Mardi 11 mai se tenait une réunion plénière du Comité Consultatif de Transition de Sceaux. Séance virtuelle une nouvelle fois, avec une quarantaine de participants. Au programme une présentation de l’ADEME par un de ses membres, puis point sur l’avancement du Pacte pour la transition.

Réunion du CCT de Sceaux

Le maire de Sceaux a en effet jugé bon, lors de sa campagne municipale de signer ce pacte, comme l’a rappelé la personne qui présentait, pour le compte de ceux qui mettent ce pacte et ses 32 mesures concrètes en avant.

La séance a été profondément ennuyeuse encore une fois et on se demande en quoi ce comité justifie le mot de consultatif quand on mesure la répartition du temps de parole. Il est vrai que l’exercice est compliqué en soi et que les contraintes dues au Covid limitent beaucoup les possibilités. Le risque est cependant que le nombre de participants baisse progressivement. Pour l’instant, on constate que la majorité coupent leur vidéo, ce qui ne permet pas de savoir s’ils écoutent ou s’ils font autre chose, et même s’ils sont réellement devant leur écran.

Dans cet ennui a émergé la question d’une participante, alertée par la mention parmi les 32 mesures de celle de mettre en place une monnaie locale : quel est le lien entre avoir une monnaie locale et la transition écologique ? La présentatrice a répondu qu’une monnaie locale conduisait à plus consommer local. Je n’ai pas compris si le mot « conduisait » signifiait « facilitait » ou « obligeait ». Naïvement peut être, je ne vois pas en quoi utiliser une monnaie locale facilite mes achats chez Saines Saveurs, Ponpon, le Porcelet rose ou Patrick Roger.

Monnaie locale ?

Et je m’interroge : c’est quoi une monnaie locale ? Une monnaie en plus, qui m’obligera à avoir deux porte-monnaies et les commerçants à afficher leurs prix dans deux monnaies, ou une monnaie qui remplacera localement l’euro ? Je ne serais pas complétement surpris que certains aillent jusqu’à imaginer la seconde réponse !

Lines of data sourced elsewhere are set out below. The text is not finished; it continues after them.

(* Let $\Delta\vdash t$ be a closed nominal term-in-context and $\hat t=\mathcal{T}(\Delta,t)$. For each occurrence of a variable $X$ in $t$ there is a corresponding occurrence of the meta-variable $X$ in $\hat t$ (at the same position), and there exists $n$ such that all occurrences of $X$ in $\hat t$ are in meta-applications with exactly $n$ arguments.
   Context: Nominal terms: $s,t ::= a \mid \pi\cdot X \mid [a]s \mid f\,s \mid (s_1,\ldots,s_n)$ over atoms, variables, function symbols, finite-support permutations $\pi$ of atoms. A freshness context $\Delta$ is a set of constraints $a\#X$. $\Delta\vdash t$ is closed if: (1) every atom occurrence $a$ in $t$ lies under an abstraction $[a]$; (2) if $\pi\cdot X$ is in the scope of an abstraction of $\pi(a)$ then every occurrence $\pi'\cdot X$ of $X$ in $t$ is in the scope of an abstraction of $\pi'(a)$, or $a\#X\in\Delta$; (3) for two occurrences $\pi_1\cdot X,\pi_2\cdot X$ and $a$ with $\pi_1(a)\neq\pi_2(a)$, if $a$ is not abstracted in one of the occurrences then $a\#X\in\Delta$. Translation: $\Lambda_t(X)$ is the set of atoms $a$ such that some occurrence of $X$ in $t$ is in the scope of $[a]$. With a fixed total order on atoms, $\mathcal{T}(\Delta,t)$ is the CRS meta-term obtained from $t$ by replacing each occurrence $\pi\cdot X$ by the meta-application $X(\pi\cdot xs)$, where $xs$ is the ascending list of $\{\pi^{-1}(a)\mid a\in\Lambda_t(X)\}\setminus\{a\mid a\#X\in\Delta\}$ and $\pi\cdot xs$ applies $\pi$ elementwise (no arguments if empty); other constructs are kept unchanged. *)

theory Defs
  imports "HOL-Combinatorics.Perm"
begin

datatype ('f, 'v) nterm =
    NAtom nat
  | NSusp "nat perm" 'v
  | NAbs nat "('f, 'v) nterm"
  | NFun 'f "('f, 'v) nterm"
  | NTup "('f, 'v) nterm list"

text \<open>CRS meta-terms: atoms become CRS variables; a meta-application of a
  meta-variable X to a list of (CRS) variables.\<close>
datatype ('f, 'v) mterm =
    MAtom nat
  | MApp 'v "nat list"
  | MAbs nat "('f, 'v) mterm"
  | MFun 'f "('f, 'v) mterm"
  | MTup "('f, 'v) mterm list"

type_synonym 'v fctx = "(nat \<times> 'v) set"  \<comment> \<open>(a, X) stands for a # X\<close>

fun var_occs :: "nat set \<Rightarrow> ('f, 'v) nterm \<Rightarrow> (nat set \<times> nat perm \<times> 'v) set" where
  "var_occs B (NAtom a) = {}"
| "var_occs B (NSusp \<pi> X) = {(B, \<pi>, X)}"
| "var_occs B (NAbs a s) = var_occs (insert a B) s"
| "var_occs B (NFun f s) = var_occs B s"
| "var_occs B (NTup ss) = (\<Union>s \<in> set ss. var_occs B s)"

fun atom_occs :: "nat set \<Rightarrow> ('f, 'v) nterm \<Rightarrow> (nat set \<times> nat) set" where
  "atom_occs B (NAtom a) = {(B, a)}"
| "atom_occs B (NSusp \<pi> X) = {}"
| "atom_occs B (NAbs a s) = atom_occs (insert a B) s"
| "atom_occs B (NFun f s) = atom_occs B s"
| "atom_occs B (NTup ss) = (\<Union>s \<in> set ss. atom_occs B s)"

definition closed_nt :: "'v fctx \<Rightarrow> ('f, 'v) nterm \<Rightarrow> bool" where
  "closed_nt \<Delta> t \<longleftrightarrow>
     (\<forall>(B, a) \<in> atom_occs {} t. a \<in> B) \<and>
     (\<forall>(B, \<pi>, X) \<in> var_occs {} t. \<forall>a. Perm.apply (\<pi>) a \<in> B \<longrightarrow>
        ((\<forall>(B', \<pi>', X') \<in> var_occs {} t. X' = X \<longrightarrow> Perm.apply (\<pi>') a \<in> B') \<or> (a, X) \<in> \<Delta>)) \<and>
     (\<forall>(B1, \<pi>1, X1) \<in> var_occs {} t. \<forall>(B2, \<pi>2, X2) \<in> var_occs {} t. \<forall>a.
        X1 = X2 \<and> Perm.apply (\<pi>1) a \<noteq> Perm.apply (\<pi>2) a \<and> (Perm.apply (\<pi>1) a \<notin> B1 \<or> Perm.apply (\<pi>2) a \<notin> B2)
        \<longrightarrow> (a, X1) \<in> \<Delta>)"

definition Lam :: "('f, 'v) nterm \<Rightarrow> 'v \<Rightarrow> nat set" where
  "Lam t X = \<Union>{B. \<exists>\<pi>. (B, \<pi>, X) \<in> var_occs {} t}"

fun tr :: "('v \<Rightarrow> nat set) \<Rightarrow> 'v fctx \<Rightarrow> ('f, 'v) nterm \<Rightarrow> ('f, 'v) mterm" where
  "tr L \<Delta> (NAtom a) = MAtom a"
| "tr L \<Delta> (NSusp \<pi> X) =
     MApp X (map (\<lambda>b. Perm.apply (\<pi>) b)
       (sorted_list_of_set ((\<lambda>a. Perm.apply (inverse \<pi>) a) ` L X - {a. (a, X) \<in> \<Delta>})))"
| "tr L \<Delta> (NAbs a s) = MAbs a (tr L \<Delta> s)"
| "tr L \<Delta> (NFun f s) = MFun f (tr L \<Delta> s)"
| "tr L \<Delta> (NTup ss) = MTup (map (tr L \<Delta>) ss)"

definition translate :: "'v fctx \<Rightarrow> ('f, 'v) nterm \<Rightarrow> ('f, 'v) mterm" where
  "translate \<Delta> t = tr (Lam t) \<Delta> t"

fun nsub :: "('f, 'v) nterm \<Rightarrow> nat list \<Rightarrow> ('f, 'v) nterm option" where
  "nsub t [] = Some t"
| "nsub (NAbs a s) (0 # p) = nsub s p"
| "nsub (NFun f s) (0 # p) = nsub s p"
| "nsub (NTup ss) (i # p) = (if i < length ss then nsub (ss ! i) p else None)"
| "nsub _ _ = None"

fun msub :: "('f, 'v) mterm \<Rightarrow> nat list \<Rightarrow> ('f, 'v) mterm option" where
  "msub t [] = Some t"
| "msub (MAbs a s) (0 # p) = msub s p"
| "msub (MFun f s) (0 # p) = msub s p"
| "msub (MTup ss) (i # p) = (if i < length ss then msub (ss ! i) p else None)"
| "msub _ _ = None"

end

theory Submission
  imports Defs
begin

text \<open>The translation only rewrites suspensions, so positions of t and of its translation
  correspond exactly. For the arity, fix an atom a such that a # X is not in \<Delta>. By closedness,
  \<pi> a is abstracted above one occurrence \<pi>\<cdot>X iff \<pi>' a is abstracted above every occurrence
  \<pi>'\<cdot>X, and \<pi> a lies in \<Lambda>_t(X) only if it is abstracted above \<pi>\<cdot>X. Hence the argument
  list at every occurrence \<pi>\<cdot>X is the image under \<pi> of one and the same set of atoms.\<close>

lemma msub_tr: "msub (tr L \<Delta> t) p = map_option (tr L \<Delta>) (nsub t p)"
  by (induction t p rule: nsub.induct) auto

lemma tr_eq_MAppD: "tr L \<Delta> s = MApp X xs \<Longrightarrow> \<exists>\<pi>. s = NSusp \<pi> X"
  by (cases s) auto

lemma msub_translate_eq_MAppD:
  assumes "msub (translate \<Delta> t) p = Some (MApp X xs)"
  obtains \<pi> where "nsub t p = Some (NSusp \<pi> X)" and "tr (Lam t) \<Delta> (NSusp \<pi> X) = MApp X xs"
proof -
  from assms obtain s where "nsub t p = Some s" and "tr (Lam t) \<Delta> s = MApp X xs"
    by (auto simp: translate_def msub_tr)
  moreover obtain \<pi> where "s = NSusp \<pi> X"
    using tr_eq_MAppD[OF \<open>tr (Lam t) \<Delta> s = MApp X xs\<close>] by blast
  ultimately show ?thesis
    using that by simp
qed

lemma var_occs_nsub:
  "nsub t p = Some (NSusp \<pi> X) \<Longrightarrow> \<exists>B. (B, \<pi>, X) \<in> var_occs B0 t"
proof (induction t p arbitrary: B0 rule: nsub.induct)
  case (4 ss i p)
  then have "i < length ss" and "nsub (ss ! i) p = Some (NSusp \<pi> X)"
    by (auto split: if_splits)
  with 4 show ?case by (fastforce intro: bexI[of _ "ss ! i"])
qed auto

lemma closed_nt_abstracted_transfer:
  assumes "closed_nt \<Delta> t" "(B1, \<pi>1, X) \<in> var_occs {} t" "(B2, \<pi>2, X) \<in> var_occs {} t"
    "(a, X) \<notin> \<Delta>" "Perm.apply \<pi>1 a \<in> B1"
  shows "Perm.apply \<pi>2 a \<in> B2"
proof -
  from assms(1) have "\<forall>(B, \<pi>, X) \<in> var_occs {} t. \<forall>a. Perm.apply \<pi> a \<in> B \<longrightarrow>
      ((\<forall>(B', \<pi>', X') \<in> var_occs {} t. X' = X \<longrightarrow> Perm.apply \<pi>' a \<in> B') \<or> (a, X) \<in> \<Delta>)"
    unfolding closed_nt_def by (elim conjE) assumption
  then have "\<forall>(B', \<pi>', X') \<in> var_occs {} t. X' = X \<longrightarrow> Perm.apply \<pi>' a \<in> B'"
    using assms(2,4,5) by fastforce
  with assms(3) show ?thesis by fastforce
qed

lemma closed_nt_abstracted_iff:
  assumes "closed_nt \<Delta> t" "(B1, \<pi>1, X) \<in> var_occs {} t" "(B2, \<pi>2, X) \<in> var_occs {} t"
    "(a, X) \<notin> \<Delta>"
  shows "Perm.apply \<pi>1 a \<in> B1 \<longleftrightarrow> Perm.apply \<pi>2 a \<in> B2"
  using closed_nt_abstracted_transfer[OF assms] closed_nt_abstracted_transfer[OF assms(1,3,2,4)]
  by blast

lemma closed_nt_abstracted_if_apply_differs:
  assumes "closed_nt \<Delta> t" "(B1, \<pi>1, X) \<in> var_occs {} t" "(B2, \<pi>2, X) \<in> var_occs {} t"
    "(a, X) \<notin> \<Delta>" "Perm.apply \<pi>1 a \<noteq> Perm.apply \<pi>2 a"
  shows "Perm.apply \<pi>1 a \<in> B1"
proof -
  from assms(1) have "\<forall>(B1, \<pi>1, X1) \<in> var_occs {} t. \<forall>(B2, \<pi>2, X2) \<in> var_occs {} t. \<forall>a.
      X1 = X2 \<and> Perm.apply \<pi>1 a \<noteq> Perm.apply \<pi>2 a
        \<and> (Perm.apply \<pi>1 a \<notin> B1 \<or> Perm.apply \<pi>2 a \<notin> B2) \<longrightarrow> (a, X1) \<in> \<Delta>"
    unfolding closed_nt_def by (elim conjE) assumption
  with assms(2,3) have "Perm.apply \<pi>1 a \<noteq> Perm.apply \<pi>2 a
      \<and> (Perm.apply \<pi>1 a \<notin> B1 \<or> Perm.apply \<pi>2 a \<notin> B2) \<longrightarrow> (a, X) \<in> \<Delta>"
    by fastforce
  with assms(4,5) show ?thesis by blast
qed

definition shared_abstracted_atoms :: "'v fctx \<Rightarrow> ('f, 'v) nterm \<Rightarrow> 'v \<Rightarrow> nat set" where
  "shared_abstracted_atoms \<Delta> t X =
     {a. (a, X) \<notin> \<Delta> \<and> (\<forall>(B, \<pi>, X') \<in> var_occs {} t. X' = X \<longrightarrow> Perm.apply \<pi> a \<in> B)}"

lemma image_apply_inverse: "(\<lambda>b. Perm.apply (inverse \<pi>) b) ` S = {a. Perm.apply \<pi> a \<in> S}"
proof -
  have "inj (Perm.apply \<pi>)" "surj (Perm.apply \<pi>)"
    by (simp_all add: bij_is_inj bij_is_surj)
  then show ?thesis
    by (auto simp: apply_inverse surj_f_inv_f intro: image_eqI[of _ _ "Perm.apply \<pi> _"])
qed

lemma tr_args_eq_shared_abstracted_atoms:
  assumes closed: "closed_nt \<Delta> t" and occ: "(B, \<pi>, X) \<in> var_occs {} t"
  shows "(\<lambda>b. Perm.apply (inverse \<pi>) b) ` Lam t X - {a. (a, X) \<in> \<Delta>}
       = shared_abstracted_atoms \<Delta> t X"
proof -
  have Lam_iff: "Perm.apply \<pi> a \<in> Lam t X \<longleftrightarrow> Perm.apply \<pi> a \<in> B" if fresh: "(a, X) \<notin> \<Delta>" for a
  proof
    assume "Perm.apply \<pi> a \<in> Lam t X"
    then obtain B' \<pi>' where occ': "(B', \<pi>', X) \<in> var_occs {} t" and "Perm.apply \<pi> a \<in> B'"
      unfolding Lam_def by auto
    show "Perm.apply \<pi> a \<in> B"
    proof (cases "Perm.apply \<pi>' a = Perm.apply \<pi> a")
      case True
      with \<open>Perm.apply \<pi> a \<in> B'\<close> closed_nt_abstracted_iff[OF closed occ' occ fresh]
      show ?thesis by simp
    next
      case False
      with closed_nt_abstracted_if_apply_differs[OF closed occ occ' fresh] show ?thesis by simp
    qed
  qed (use occ in \<open>auto simp: Lam_def\<close>)
  have "(\<forall>(B', \<pi>', X') \<in> var_occs {} t. X' = X \<longrightarrow> Perm.apply \<pi>' a \<in> B')
      \<longleftrightarrow> Perm.apply \<pi> a \<in> B" if fresh: "(a, X) \<notin> \<Delta>" for a
    using closed_nt_abstracted_iff[OF closed occ _ fresh] occ by fast
  with Lam_iff show ?thesis
    unfolding image_apply_inverse shared_abstracted_atoms_def by blast
qed

lemma tr_Lam_NSusp:
  assumes "closed_nt \<Delta> t" and "(B, \<pi>, X) \<in> var_occs {} t"
  shows "tr (Lam t) \<Delta> (NSusp \<pi> X)
       = MApp X (map (Perm.apply \<pi>) (sorted_list_of_set (shared_abstracted_atoms \<Delta> t X)))"
  using tr_args_eq_shared_abstracted_atoms[OF assms] by simp

theorem mainTheorem6:
  fixes \<Delta> :: "'v fctx" and t :: "('f, 'v) nterm"
  assumes "closed_nt \<Delta> t"
  shows "(\<forall>p \<pi> X. nsub t p = Some (NSusp \<pi> X) \<longrightarrow>
            (\<exists>xs. msub (translate \<Delta> t) p = Some (MApp X xs)))
       \<and> (\<forall>X. \<exists>n. \<forall>p xs. msub (translate \<Delta> t) p = Some (MApp X xs) \<longrightarrow> length xs = n)"
proof (intro conjI allI impI)
  fix p \<pi> X
  assume "nsub t p = Some (NSusp \<pi> X)"
  then show "\<exists>xs. msub (translate \<Delta> t) p = Some (MApp X xs)"
    by (simp add: translate_def msub_tr)
next
  fix X
  have "length xs = card (shared_abstracted_atoms \<Delta> t X)"
    if sub: "msub (translate \<Delta> t) p = Some (MApp X xs)" for p xs
  proof -
    obtain \<pi> where nsub: "nsub t p = Some (NSusp \<pi> X)"
      and xs: "tr (Lam t) \<Delta> (NSusp \<pi> X) = MApp X xs"
      by (rule msub_translate_eq_MAppD[OF sub])
    obtain B where "(B, \<pi>, X) \<in> var_occs {} t"
      using var_occs_nsub[OF nsub] by blast
    with xs show ?thesis
      using tr_Lam_NSusp[OF assms] by fastforce
  qed
  then show "\<exists>n. \<forall>p xs. msub (translate \<Delta> t) p = Some (MApp X xs) \<longrightarrow> length xs = n"
    by blast
qed

end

Et comment se traduit le terme de « local » ? La commune, le territoire, toute l’Ile de France ? On sait que la clientèle des commerçants de la rue Houdan se recrute largement au-delà des limites de la commune : pour la clientèle extra-communale, une monnaie purement scéenne serait un problème.

Par ailleurs, seulement 15,5 % des actifs ayant un emploi travaillent dans la commune, et sont donc payés en euros. C’est aussi le cas de tous ceux qui touchent un revenu hors activité, comme les retraités (ces derniers représentent plus d’un ménage sur 4 à Sceaux). Et des actifs travaillant sur place mais dépendant d’une administration publique (Education Nationale par exemple).

D’autre part, la ville ne compte ni exploitation agricole ni établissement industriel : les produits consommés par les Scéens sont donc tous produits en dehors de la ville et donc achetés en euros, que ce soit directement par les consommateurs ou par les commerçants.

Donc, si j’essaie de décrire le processus : un Scéen recevant un revenu en euros va le changer dans la monnaie locale auprès d’une institution apte à le faire, ce qui lui permettra de payer ses achats alimentaires. Le commerçant pourra ensuite changer cette monnaie locale en euros auprès d’une institution de manière à payer ses fournisseurs à Rungis. Particulièrement utile apparemment.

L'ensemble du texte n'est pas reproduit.